>>>>>

(* Let $n\in\mathbb N$ and $t\in(0,\frac{1}{n+1})$. Then \[ R_{n,t}=\sum_{i=1}^{n+1}\left(1-\frac{2L_{n,i}}{t}\right)\mathbf 1\{L_{n,i}\le t\}, \] and in particular $|R_{n,t}|\le K_{n,t}$ almost surely.
   Context: Kakutani's interval-splitting process: let $U_1,U_2,\dots$ be i.i.d. uniform random variables on $[0,1]$. At time $0$ the partition of $[0,1]$ consists of the single interval $[0,1]$. Given the partition at time $n\in\mathbb Z_+$ (which consists of $n+1$ intervals, whose lengths are a.s. distinct), let $[a,b]$ be the interval of maximal length; the partition at time $n+1$ is obtained by replacing $[a,b]$ by the two intervals $[a,a+U_{n+1}(b-a)]$ and $[a+U_{n+1}(b-a),b]$. $L_{n,1},\dots,L_{n,n+1}$ are the interval lengths at time $n$, $M_n$ their maximum, $\mathcal F_n:=\sigma(U_1,\dots,U_n)$, $N_t:=\inf\{n\in\mathbb Z_+:M_n\le t\}$ for $t>0$, and $R_{n,t}:=\mathbb E(N_t\mid\mathcal F_n)-\mathbb E N_t$. $K_{n,t}:=\sum_{i=1}^{n+1}\mathbf 1\{0<L_{n,i}\le t\}$. *)

theory Defs
  imports "HOL-Probability.Probability"
begin

text \<open>Kakutani's interval splitting, tracked through the list of interval lengths.
  The argument u is the driving sequence; u (Suc n) plays the role of U_{n+1}
  (u 0 is unused).\<close>

fun kak_lengths :: "(nat \<Rightarrow> real) \<Rightarrow> nat \<Rightarrow> real list" where
  "kak_lengths u 0 = [1]"
| "kak_lengths u (Suc n) =
     (let ls = kak_lengths u n; m = Max (set ls); i = (LEAST j. j < length ls \<and> ls ! j = m)
      in take i ls @ [u (Suc n) * m, (1 - u (Suc n)) * m] @ drop (Suc i) ls)"

definition kak_L :: "(nat \<Rightarrow> real) \<Rightarrow> nat \<Rightarrow> nat \<Rightarrow> real" where
  "kak_L u n i = kak_lengths u n ! (i - 1)"

definition kak_M :: "(nat \<Rightarrow> real) \<Rightarrow> nat \<Rightarrow> real" where
  "kak_M u n = Max (set (kak_lengths u n))"

definition kak_N :: "(nat \<Rightarrow> real) \<Rightarrow> real \<Rightarrow> nat" where
  "kak_N u t = (LEAST n. kak_M u n \<le> t)"

definition kak_K :: "(nat \<Rightarrow> real) \<Rightarrow> nat \<Rightarrow> real \<Rightarrow> nat" where
  "kak_K u n t = card {i \<in> {1..n+1}. 0 < kak_L u n i \<and> kak_L u n i \<le> t}"

definition gen_filtr :: "'a measure \<Rightarrow> (nat \<Rightarrow> 'a \<Rightarrow> real) \<Rightarrow> nat \<Rightarrow> 'a measure" where
  "gen_filtr M U n = sigma (space M)
     {U i -` A \<inter> space M | i A. i \<in> {1..n} \<and> A \<in> sets borel}"

end

theory Submission
  imports Defs
begin

text \<open>Let \<open>\<phi>\<^sub>t(x) = (2x/t - 1)[x > t]\<close> (\<open>exp_splits\<close>), the expected number of splits Kakutani's
  process needs to cut an interval of length \<open>x\<close> into pieces of length at most \<open>t\<close>, and let
  \<open>Y\<^sub>k = #{j < k. M\<^sub>j > t} + \<Sum>\<^sub>i \<phi>\<^sub>t(L\<^sub>k\<^sub>,\<^sub>i)\<close> (\<open>kak_mart\<close>).  Splitting an interval of length \<open>m > t\<close> at a
  uniform point \<open>v\<close> adds \<open>1\<close> to the first term and \<open>\<phi>\<^sub>t(vm) + \<phi>\<^sub>t((1-v)m) - \<phi>\<^sub>t(m)\<close> to the second,
  which has mean \<open>1 + 2(m/t - 1) - (2m/t - 1) = 0\<close>; as \<open>U\<^sub>k\<^sub>+\<^sub>1\<close> is independent of \<open>F\<^sub>k\<close>,
  \<open>Y\<close> is an \<open>F\<close>-martingale with \<open>E Y\<^sub>k = Y\<^sub>0 = 2/t - 1\<close>.  Since \<open>Y\<^sub>k \<ge> k\<close> on \<open>{N\<^sub>t = \<infinity>}\<close>, the
  stopping time \<open>N\<^sub>t\<close> is a.s. finite, and \<open>Y\<^sub>k = N\<^sub>t\<close> for \<open>k \<ge> N\<^sub>t\<close>; monotone convergence for
  the first term and dominated convergence for the second give \<open>E(N\<^sub>t | F\<^sub>n) = Y\<^sub>n\<close>.
  Finally, \<open>t < 1/(n+1) \<le> M\<^sub>j\<close> for \<open>j < n\<close> and \<open>\<Sum>\<^sub>i L\<^sub>n\<^sub>,\<^sub>i = 1\<close> turn \<open>Y\<^sub>n - (2/t - 1)\<close> into
  the stated sum.\<close>

section \<open>The interval lengths along one path\<close>

definition first_max_index :: "real list \<Rightarrow> nat" where
  "first_max_index ls = (LEAST j. j < length ls \<and> ls ! j = Max (set ls))"

lemma first_max_index:
  assumes "ls \<noteq> []"
  shows "first_max_index ls < length ls" "ls ! first_max_index ls = Max (set ls)"
proof -
  have "Max (set ls) \<in> set ls" using assms by simp
  then have "\<exists>j. j < length ls \<and> ls ! j = Max (set ls)" by (metis in_set_conv_nth)
  from LeastI_ex[OF this] show "first_max_index ls < length ls" "ls ! first_max_index ls = Max (set ls)"
    unfolding first_max_index_def by auto
qed

lemma kak_lengths_Suc:
  "kak_lengths u (Suc n) =
     take (first_max_index (kak_lengths u n)) (kak_lengths u n)
     @ [u (Suc n) * kak_M u n, (1 - u (Suc n)) * kak_M u n]
     @ drop (Suc (first_max_index (kak_lengths u n))) (kak_lengths u n)"
  by (simp add: first_max_index_def kak_M_def Let_def)

declare kak_lengths.simps(2)[simp del]

lemma length_kak_lengths [simp]: "length (kak_lengths u n) = Suc n"
proof (induction n)
  case 0
  then show ?case by simp
next
  case (Suc n)
  then have "kak_lengths u n \<noteq> []" by auto
  from first_max_index(1)[OF this] Suc show ?case by (simp add: kak_lengths_Suc)
qed

lemma kak_lengths_not_Nil: "kak_lengths u n \<noteq> []"
  using length_kak_lengths[of u n] by (metis list.size(3) nat.distinct(1))

lemma kak_lengths_cong:
  assumes "\<And>j. u (Suc j) = u' (Suc j)"
  shows "kak_lengths u n = kak_lengths u' n"
  by (induction n) (auto simp: kak_lengths_Suc kak_M_def assms)

lemma kak_M_in_set: "kak_M u n \<in> set (kak_lengths u n)"
  unfolding kak_M_def using kak_lengths_not_Nil by auto

lemma kak_lengths_le_kak_M: "x \<in> set (kak_lengths u n) \<Longrightarrow> x \<le> kak_M u n"
  unfolding kak_M_def by simp

lemma sum_list_map_replace_nth:
  fixes g :: "'a \<Rightarrow> 'b::ab_group_add"
  assumes "i < length ls"
  shows "sum_list (map g (take i ls @ [a, b] @ drop (Suc i) ls)) =
         sum_list (map g ls) - g (ls ! i) + g a + g b"
proof -
  have "ls = take i ls @ ls ! i # drop (Suc i) ls"
    using assms by (simp add: id_take_nth_drop)
  then have "sum_list (map g ls) =
      sum_list (map g (take i ls)) + g (ls ! i) + sum_list (map g (drop (Suc i) ls))"
    by (metis add.assoc list.simps(9) map_append sum_list.Cons sum_list_append)
  then show ?thesis by (simp add: algebra_simps)
qed

lemma sum_list_map_kak_lengths_Suc:
  fixes g :: "real \<Rightarrow> 'b::ab_group_add"
  shows "sum_list (map g (kak_lengths u (Suc n))) =
    sum_list (map g (kak_lengths u n)) - g (kak_M u n)
      + g (u (Suc n) * kak_M u n) + g ((1 - u (Suc n)) * kak_M u n)"
  unfolding kak_lengths_Suc
  using sum_list_map_replace_nth[OF first_max_index(1)[OF kak_lengths_not_Nil], of g u n]
    first_max_index(2)[OF kak_lengths_not_Nil, of u n]
  by (simp add: kak_M_def)

lemma set_kak_lengths_Suc:
  "set (kak_lengths u (Suc n)) \<subseteq>
     set (kak_lengths u n) \<union> {u (Suc n) * kak_M u n, (1 - u (Suc n)) * kak_M u n}"
  unfolding kak_lengths_Suc
  using set_take_subset[of _ "kak_lengths u n"] set_drop_subset[of _ "kak_lengths u n"] by auto

definition unit_valued :: "(nat \<Rightarrow> real) \<Rightarrow> bool" where
  "unit_valued u \<longleftrightarrow> (\<forall>j. 0 \<le> u (Suc j) \<and> u (Suc j) \<le> 1)"

lemma kak_lengths_nonneg:
  assumes "unit_valued u" "x \<in> set (kak_lengths u n)"
  shows "0 \<le> x"
  using assms(2)
proof (induction n arbitrary: x)
  case 0
  then show ?case by simp
next
  case (Suc n)
  have "0 \<le> kak_M u n" using Suc.IH kak_M_in_set by blast
  moreover have "0 \<le> u (Suc n)" "u (Suc n) \<le> 1" using assms(1) unfolding unit_valued_def by auto
  ultimately show ?case using Suc set_kak_lengths_Suc[of u n] by auto
qed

<<<<<

§ What is required: When you repeat the lines, start with the first line of the material and end with the line that contains "(let ls = kak_lengths", keeping both and reproducing each exactly, with nothing added.

§ Your solution:
(* Let $n\in\mathbb N$ and $t\in(0,\frac{1}{n+1})$. Then \[ R_{n,t}=\sum_{i=1}^{n+1}\left(1-\frac{2L_{n,i}}{t}\right)\mathbf 1\{L_{n,i}\le t\}, \] and in particular $|R_{n,t}|\le K_{n,t}$ almost surely.
   Context: Kakutani's interval-splitting process: let $U_1,U_2,\dots$ be i.i.d. uniform random variables on $[0,1]$. At time $0$ the partition of $[0,1]$ consists of the single interval $[0,1]$. Given the partition at time $n\in\mathbb Z_+$ (which consists of $n+1$ intervals, whose lengths are a.s. distinct), let $[a,b]$ be the interval of maximal length; the partition at time $n+1$ is obtained by replacing $[a,b]$ by the two intervals $[a,a+U_{n+1}(b-a)]$ and $[a+U_{n+1}(b-a),b]$. $L_{n,1},\dots,L_{n,n+1}$ are the interval lengths at time $n$, $M_n$ their maximum, $\mathcal F_n:=\sigma(U_1,\dots,U_n)$, $N_t:=\inf\{n\in\mathbb Z_+:M_n\le t\}$ for $t>0$, and $R_{n,t}:=\mathbb E(N_t\mid\mathcal F_n)-\mathbb E N_t$. $K_{n,t}:=\sum_{i=1}^{n+1}\mathbf 1\{0<L_{n,i}\le t\}$. *)

theory Defs
  imports "HOL-Probability.Probability"
begin

text \<open>Kakutani's interval splitting, tracked through the list of interval lengths.
  The argument u is the driving sequence; u (Suc n) plays the role of U_{n+1}
  (u 0 is unused).\<close>

fun kak_lengths :: "(nat \<Rightarrow> real) \<Rightarrow> nat \<Rightarrow> real list" where
  "kak_lengths u 0 = [1]"
| "kak_lengths u (Suc n) =
     (let ls = kak_lengths u n; m = Max (set ls); i = (LEAST j. j < length ls \<and> ls ! j = m)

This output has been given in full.